Set notation

Denoting a set as an object

When a set should refer to a an indivisible object, one typically denotes it by a single capital letter, e.g. $A=\{1,2,3\}$, and then $A$ can be used to stand for that set.

When referring to an arbitrary generic set, a typical notational choice is by the letter $S$. When several sets are under consideration, first few capitals, $A, B, C$, etc. are used.

Set-builder notation

Another form of extensional definition is set-builder notation, also called the set comprehension. It is a compact notation to describe a set, with the general sytax lookin like: $X=\{exp:rule\}$, with the colon, ":", (or sometimes, a pipe symbol, "|") standing for abstraction and being read as "such that".

For example: $A=\{x:x \in \mathbb{Z}, 2^x<32\}$ is read as "The set A contains all numbers of form two times x, such that x is an element of the integer set". One of the common abbreviations is to immediately specify the "type" of $x$: $A=\{x \in \mathbb{Z}: 2^x<32\}$

If the set comprehension contains more then one applicable rules, their relation can be spelled out in English or, more commonly, using logic symbols for negation (¬), conjunction (∧), disjunction (∨ or &), implication (→) and bijection (↔). Generally, predicate logic is used as a language to describe sets.

Definition by predicate

Elements of a set can be specified by a predicate i.e. in terms of a property (or properties) they possess.

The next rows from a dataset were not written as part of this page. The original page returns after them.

(* Consider the online resource allocation model described in the context, with unknown expected rewards $r_1>r_2$ and adversarial arrivals, and let $\alpha=r_2/r_1$. In each of the following two scenarios, the competitive ratio of any deterministic or randomized algorithm is at most $1/(2-\alpha)$: (Scenario 1) the sampling probability is $p=0$, so no sample information is available; (Scenario 2) sample information is available but the sampling probability $p\in(0,1)$ is completely unknown to the decision-maker.
   Context: Model: a decision-maker has $m$ units of a divisible resource to allocate to unit-demand agents of two types; an accepted type-$i$ agent ($i\in\{1,2\}$) yields a reward in $\{0,1\}$ with mean $r_i\in(0,1)$, $r_1>r_2$, unknown to the decision-maker. An adversary chooses integers $h,\ell\ge0$. Each of the $h+\ell$ agents is independently sampled with probability $p$; $s_1\sim\mathrm{Bin}(h,p)$, $s_2\sim\mathrm{Bin}(\ell,p)$ are the sampled counts, and sampled agents reveal their realized rewards; $\psi$ is this sample information. The remaining $n_1=h-s_1$ type 1 and $n_2=\ell-s_2$ type 2 agents arrive online in an adversarial order $I$; on each arrival the type is observed and the decision-maker irrevocably accepts (possibly fractionally) or rejects, total allocation at most $m$. $\mathrm{OPT}(I)=r_1\min\{n_1,m\}+r_2\min\{n_2,(m-n_1)^+\}$. The competitive ratio of an algorithm $A$ is $\inf_{(h,\ell)}\mathbb E_\psi[\inf_I\mathbb E[\mathrm{REW}_A(I,\psi)]/\mathrm{OPT}(I)]$ (in Scenario 2 the worst case is also over the unknown $p$), where $\mathrm{REW}_A$ is its cumulative expected reward. *)

theory Defs
  imports "HOL-Probability.Probability"
begin

datatype atype = Ty1 | Ty2

definition rew :: "real \<Rightarrow> real \<Rightarrow> atype \<Rightarrow> real" where
  "rew r1 r2 t = (case t of Ty1 \<Rightarrow> r1 | Ty2 \<Rightarrow> r2)"

(* Sample information psi = (realized rewards of the sampled type-1 agents,
   realized rewards of the sampled type-2 agents).  s1 ~ Bin(h,p), s2 ~ Bin(l,p),
   each sampled type-i agent reveals an independent Bernoulli(r_i) reward. *)
type_synonym sample_info = "bool list \<times> bool list"

definition sample_pmf :: "real \<Rightarrow> real \<Rightarrow> real \<Rightarrow> nat \<Rightarrow> nat \<Rightarrow> sample_info pmf" where
  "sample_pmf p r1 r2 h l =
     bind_pmf (binomial_pmf h p) (\<lambda>s1.
     bind_pmf (binomial_pmf l p) (\<lambda>s2.
     bind_pmf (replicate_pmf s1 (bernoulli_pmf r1)) (\<lambda>xs.
     bind_pmf (replicate_pmf s2 (bernoulli_pmf r2)) (\<lambda>ys.
     return_pmf (xs, ys)))))"

(* number of remaining (online) agents of each type *)
definition n1_of :: "nat \<Rightarrow> sample_info \<Rightarrow> nat" where
  "n1_of h \<psi> = h - length (fst \<psi>)"

definition n2_of :: "nat \<Rightarrow> sample_info \<Rightarrow> nat" where
  "n2_of l \<psi> = l - length (snd \<psi>)"

definition orders :: "nat \<Rightarrow> nat \<Rightarrow> atype list set" where
  "orders n1 n2 = {I. length (filter (\<lambda>t. t = Ty1) I) = n1 \<and> length (filter (\<lambda>t. t = Ty2) I) = n2}"

definition OPT :: "real \<Rightarrow> real \<Rightarrow> real \<Rightarrow> atype list \<Rightarrow> real" where
  "OPT m r1 r2 I =
     (let n1 = real (length (filter (\<lambda>t. t = Ty1) I));
          n2 = real (length (filter (\<lambda>t. t = Ty2) I))
      in r1 * min n1 m + r2 * min n2 (max (m - n1) 0))"

(* A deterministic online policy maps the history of observed types (the prefix of the
   arrival sequence up to and including the current agent) to the (fractional)
   amount allocated to the current agent. *)
definition det_reward :: "real \<Rightarrow> real \<Rightarrow> (atype list \<Rightarrow> real) \<Rightarrow> atype list \<Rightarrow> real" where
  "det_reward r1 r2 f I = (\<Sum>j<length I. rew r1 r2 (I ! j) * f (take (Suc j) I))"

definition feasible_policy :: "real \<Rightarrow> (atype list \<Rightarrow> real) \<Rightarrow> bool" where
  "feasible_policy m f \<longleftrightarrow>
     (\<forall>xs. 0 \<le> f xs \<and> f xs \<le> 1) \<and>
     (\<forall>I. (\<Sum>j<length I. f (take (Suc j) I)) \<le> m)"

(* A (possibly randomized) algorithm: internal randomness omega drawn from the
   probability space M, and for each omega and sample information psi a feasible
   deterministic online policy. *)
definition is_algorithm :: "real \<Rightarrow> 'w measure \<Rightarrow> ('w \<Rightarrow> sample_info \<Rightarrow> atype list \<Rightarrow> real) \<Rightarrow> bool" where
  "is_algorithm m M A \<longleftrightarrow>
     prob_space M \<and>
     (\<forall>\<psi> xs. (\<lambda>\<omega>. A \<omega> \<psi> xs) \<in> borel_measurable M) \<and>
     (\<forall>\<omega> \<psi>. feasible_policy m (A \<omega> \<psi>))"

definition REW :: "real \<Rightarrow> real \<Rightarrow> 'w measure \<Rightarrow> ('w \<Rightarrow> sample_info \<Rightarrow> atype list \<Rightarrow> real)
                   \<Rightarrow> sample_info \<Rightarrow> atype list \<Rightarrow> real" where
  "REW r1 r2 M A \<psi> I = (\<integral>\<omega>. det_reward r1 r2 (A \<omega> \<psi>) I \<partial>M)"

(* ratio REW/OPT, with the convention 0/0 = 1 (only for the empty instance) *)
definition ratio :: "real \<Rightarrow> real \<Rightarrow> real \<Rightarrow> 'w measure \<Rightarrow> ('w \<Rightarrow> sample_info \<Rightarrow> atype list \<Rightarrow> real)
                   \<Rightarrow> sample_info \<Rightarrow> atype list \<Rightarrow> real" where
  "ratio m r1 r2 M A \<psi> I =
     (if OPT m r1 r2 I = 0 then 1 else REW r1 r2 M A \<psi> I / OPT m r1 r2 I)"

definition comp_ratio :: "real \<Rightarrow> real \<Rightarrow> real \<Rightarrow> real \<Rightarrow> 'w measure
                   \<Rightarrow> ('w \<Rightarrow> sample_info \<Rightarrow> atype list \<Rightarrow> real) \<Rightarrow> real" where
  "comp_ratio m r1 r2 p M A =
     (INF hl \<in> (UNIV :: (nat \<times> nat) set).
        measure_pmf.expectation (sample_pmf p r1 r2 (fst hl) (snd hl))
          (\<lambda>\<psi>. INF I \<in> orders (n1_of (fst hl) \<psi>) (n2_of (snd hl) \<psi>). ratio m r1 r2 M A \<psi> I))"

end

theory Submission
  imports Defs
begin

(* Without sample information an algorithm cannot distinguish N >= m type-2 agents from the
   same N type-2 agents followed by N type-1 agents.  If it spends a fraction x of the capacity
   (in expectation) on the type-2 prefix, its ratio is x on the first instance and at most
   alpha x + (1 - x) on the second, and min {x, alpha x + 1 - x} <= 1/(2 - alpha).
   Every feasible policy earns at most OPT, so all ratios lie in [0,1]; hence a sample that is
   nonempty with probability at most (h + l) p moves the expected ratio by at most (h + l) p,
   which vanishes as p -> 0. *)

lemma fractional_knapsack_bound:
  fixes x1 x2 n1 n2 m r1 r2 :: real
  assumes "0 \<le> x1" "0 \<le> x2" "x1 \<le> n1" "x2 \<le> n2" "x1 + x2 \<le> m" "0 \<le> r2" "r2 \<le> r1"
  shows "r1 * x1 + r2 * x2 \<le> r1 * min n1 m + r2 * min n2 (max (m - n1) 0)"
proof -
  have "(r1 - r2) * x1 \<le> (r1 - r2) * min n1 m"
    using assms by (intro mult_left_mono) auto
  moreover have "r2 * (x1 + x2) \<le> r2 * min (n1 + n2) m"
    using assms by (intro mult_left_mono) auto
  moreover have "min (n1 + n2) m = min n1 m + min n2 (max (m - n1) 0)"
    using assms by (auto simp: min_def max_def)
  ultimately show ?thesis by (simp add: algebra_simps)
qed

lemma det_reward_split_types:
  "det_reward r1 r2 f I =
     r1 * (\<Sum>j\<in>{j\<in>{..<length I}. I ! j = Ty1}. f (take (Suc j) I))
   + r2 * (\<Sum>j\<in>{j\<in>{..<length I}. I ! j = Ty2}. f (take (Suc j) I))"
proof -
  have "rew r1 r2 (I ! j) * f (take (Suc j) I) =
      r1 * (if I ! j = Ty1 then f (take (Suc j) I) else 0)
    + r2 * (if I ! j = Ty2 then f (take (Suc j) I) else 0)" for j
    by (cases "I ! j") (simp_all add: rew_def)
  moreover have "(\<Sum>j\<in>{j\<in>{..<length I}. I ! j = t}. g j) = (\<Sum>j<length I. if I ! j = t then g j else 0)"
    for t and g :: "nat \<Rightarrow> real"
    by (rule sum.inter_filter) simp
  ultimately show ?thesis
    unfolding det_reward_def by (simp add: sum.distrib sum_distrib_left)
qed

lemma det_reward_unit: "det_reward 1 1 f I = (\<Sum>j<length I. f (take (Suc j) I))"
  unfolding det_reward_def by (intro sum.cong refl) (simp add: rew_def split: atype.split)

lemma sum_allocations_of_type_le:
  fixes f :: "atype list \<Rightarrow> real"
  assumes "\<And>xs. 0 \<le> f xs \<and> f xs \<le> 1"
  shows "(\<Sum>j\<in>{j\<in>{..<length I}. I ! j = t}. f (take (Suc j) I)) \<le> length (filter (\<lambda>u. u = t) I)"
  using sum_bounded_above[of "{j\<in>{..<length I}. I ! j = t}" "\<lambda>j. f (take (Suc j) I)" 1] assms
  by (simp add: length_filter_conv_card)

lemma det_reward_le_OPT:
  assumes "feasible_policy m f" "0 \<le> r2" "r2 \<le> r1"
  shows "det_reward r1 r2 f I \<le> OPT m r1 r2 I"
proof -
  define x where "x t = (\<Sum>j\<in>{j\<in>{..<length I}. I ! j = t}. f (take (Suc j) I))" for t
  have bounds: "\<And>xs. 0 \<le> f xs \<and> f xs \<le> 1" using assms(1) by (simp add: feasible_policy_def)
  have "x Ty1 + x Ty2 = det_reward 1 1 f I"
    by (simp add: det_reward_split_types x_def)
  also have "\<dots> \<le> m"
    using assms(1) by (simp add: det_reward_unit feasible_policy_def)
  finally have "x Ty1 + x Ty2 \<le> m" .
  moreover have "0 \<le> x t" "x t \<le> length (filter (\<lambda>u. u = t) I)" for t
    unfolding x_def using bounds sum_allocations_of_type_le[of f] by (auto intro: sum_nonneg)
  ultimately show ?thesis
    using assms(2,3) unfolding det_reward_split_types OPT_def Let_def x_def[symmetric]
    by (intro fractional_knapsack_bound) auto
qed

lemma is_algorithmD:
  assumes "is_algorithm m M A"
  shows "prob_space M" and "0 \<le> A \<omega> \<psi> xs" and "A \<omega> \<psi> xs \<le> 1"
    and "det_reward 1 1 (A \<omega> \<psi>) I \<le> m" and "feasible_policy m (A \<omega> \<psi>)"
    and "integrable M (\<lambda>\<omega>. A \<omega> \<psi> xs)"
proof -
  show feasible: "prob_space M" "feasible_policy m (A \<omega> \<psi>)" for \<omega>
    using assms unfolding is_algorithm_def by blast+
  show bounds: "0 \<le> A \<omega> \<psi> xs" "A \<omega> \<psi> xs \<le> 1" "det_reward 1 1 (A \<omega> \<psi>) I \<le> m" for \<omega>
    using feasible(2)[of \<omega>] by (auto simp: feasible_policy_def det_reward_unit)
  interpret prob_space M by (fact feasible)
  have "(\<lambda>\<omega>. A \<omega> \<psi> xs) \<in> borel_measurable M"
    using assms unfolding is_algorithm_def by blast
  then show "integrable M (\<lambda>\<omega>. A \<omega> \<psi> xs)"
    using bounds by (intro integrable_const_bound[where B=1]) auto
qed

lemma integrable_det_reward:
  assumes "is_algorithm m M A"
  shows "integrable M (\<lambda>\<omega>. det_reward r1 r2 (A \<omega> \<psi>) I)"
  unfolding det_reward_def using is_algorithmD(6)[OF assms] by auto

lemma REW_nonneg:
  assumes "is_algorithm m M A" "0 \<le> r2" "r2 \<le> r1"
  shows "0 \<le> REW r1 r2 M A \<psi> I"
  unfolding REW_def det_reward_def using assms is_algorithmD(2)[OF assms(1)]
  by (intro integral_nonneg_AE AE_I2 sum_nonneg mult_nonneg_nonneg) (auto simp: rew_def split: atype.split)

lemma REW_le_OPT:
  assumes "is_algorithm m M A" "0 \<le> r2" "r2 \<le> r1"
  shows "REW r1 r2 M A \<psi> I \<le> OPT m r1 r2 I"
proof -
  interpret prob_space M using is_algorithmD(1)[OF assms(1)] .
  have "REW r1 r2 M A \<psi> I \<le> (\<integral>\<omega>. OPT m r1 r2 I \<partial>M)"
    unfolding REW_def using assms is_algorithmD(5)[OF assms(1)] integrable_det_reward[OF assms(1)]
    by (intro integral_mono det_reward_le_OPT) auto
  then show ?thesis by (simp add: prob_space)
qed

lemma ratio_nonneg:
  assumes "is_algorithm m M A" "0 \<le> r2" "r2 \<le> r1"
  shows "0 \<le> ratio m r1 r2 M A \<psi> I"
  using REW_nonneg[OF assms, of \<psi> I] REW_le_OPT[OF assms, of \<psi> I] by (simp add: ratio_def)

lemma ratio_le_one:
  assumes "is_algorithm m M A" "0 \<le> r2" "r2 \<le> r1"
  shows "ratio m r1 r2 M A \<psi> I \<le> 1"
  using REW_nonneg[OF assms, of \<psi> I] REW_le_OPT[OF assms, of \<psi> I]
  by (simp add: ratio_def divide_le_eq_1)

lemma det_reward_snoc:
  "det_reward r1 r2 f (xs @ [t]) = det_reward r1 r2 f xs + rew r1 r2 t * f (xs @ [t])"
  unfolding det_reward_def by (simp add: nth_append take_append)

lemma det_reward_append_replicate:
  "det_reward r1 r2 f (xs @ replicate n t)
     = det_reward r1 r2 f xs + rew r1 r2 t * (\<Sum>j<n. f (xs @ replicate (Suc j) t))"
proof (induction n)
  case (Suc n)
  have "xs @ replicate (Suc n) t = (xs @ replicate n t) @ [t]"
    by (simp add: replicate_append_same)
  then have "det_reward r1 r2 f (xs @ replicate (Suc n) t)
      = det_reward r1 r2 f (xs @ replicate n t) + rew r1 r2 t * f (xs @ replicate (Suc n) t)"
    by (simp only: det_reward_snoc)
  then show ?case
    using Suc.IH by (simp only: sum.lessThan_Suc distrib_left add.assoc)
qed (simp add: det_reward_def)

lemma min_le_inverse_two_minus:
  fixes a x y :: real
  assumes "a < 1" "x + y \<le> 1"
  shows "min x (a * x + y) \<le> 1 / (2 - a)"
proof (cases "x \<le> 1 / (2 - a)")
  case False
  then have "(1 - a) * (1 / (2 - a)) < (1 - a) * x"
    using assms(1) by (intro mult_strict_left_mono) auto
  moreover have "1 - (1 - a) * (1 / (2 - a)) = 1 / (2 - a)"
    using assms(1) by (simp add: field_simps)
  ultimately have "a * x + y < 1 / (2 - a)"
    using assms(2) by (simp add: algebra_simps)
  then show ?thesis by simp
qed simp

Whether an object $x$ possesses a certain property $P$ is either true or false (in terms of classical logic), so it can be a subject of the propositional function $P(x)$.

A set can be specified by a predicate function; $S=\{x:P(x)\}$, means that $S$ is a set to whom each $x$, which possesses a certain property $P$, belongs; taht is, each $x$ for which $P(x)$ is true.

Axiom of Extensionality

If $X,Y$ are sets then $X = Y \iff (\forall Z. Z \to X \iff Z \to Y)$

meaning, if X and Y are sets, then, they are the same set iff they contain the same elements.

If and only if, iff: 1. if they are the same set, then they contain the same elements. 2. if they contain the same elements, then they are the same set.

Indexed sets

$$\bigcap_{i=0}^n A_i = A_0 \cap A_1 \cap \dots \cap A_n$$

$$\bigcap^{n+1}_{i=0} A_i = \bigcap_{i=0}^n A_i \cap A_{n+1}$$

$$\bigcup_{i=0}^n A_i = A_0 \cup A_1 \cup \dots \cup A_n$$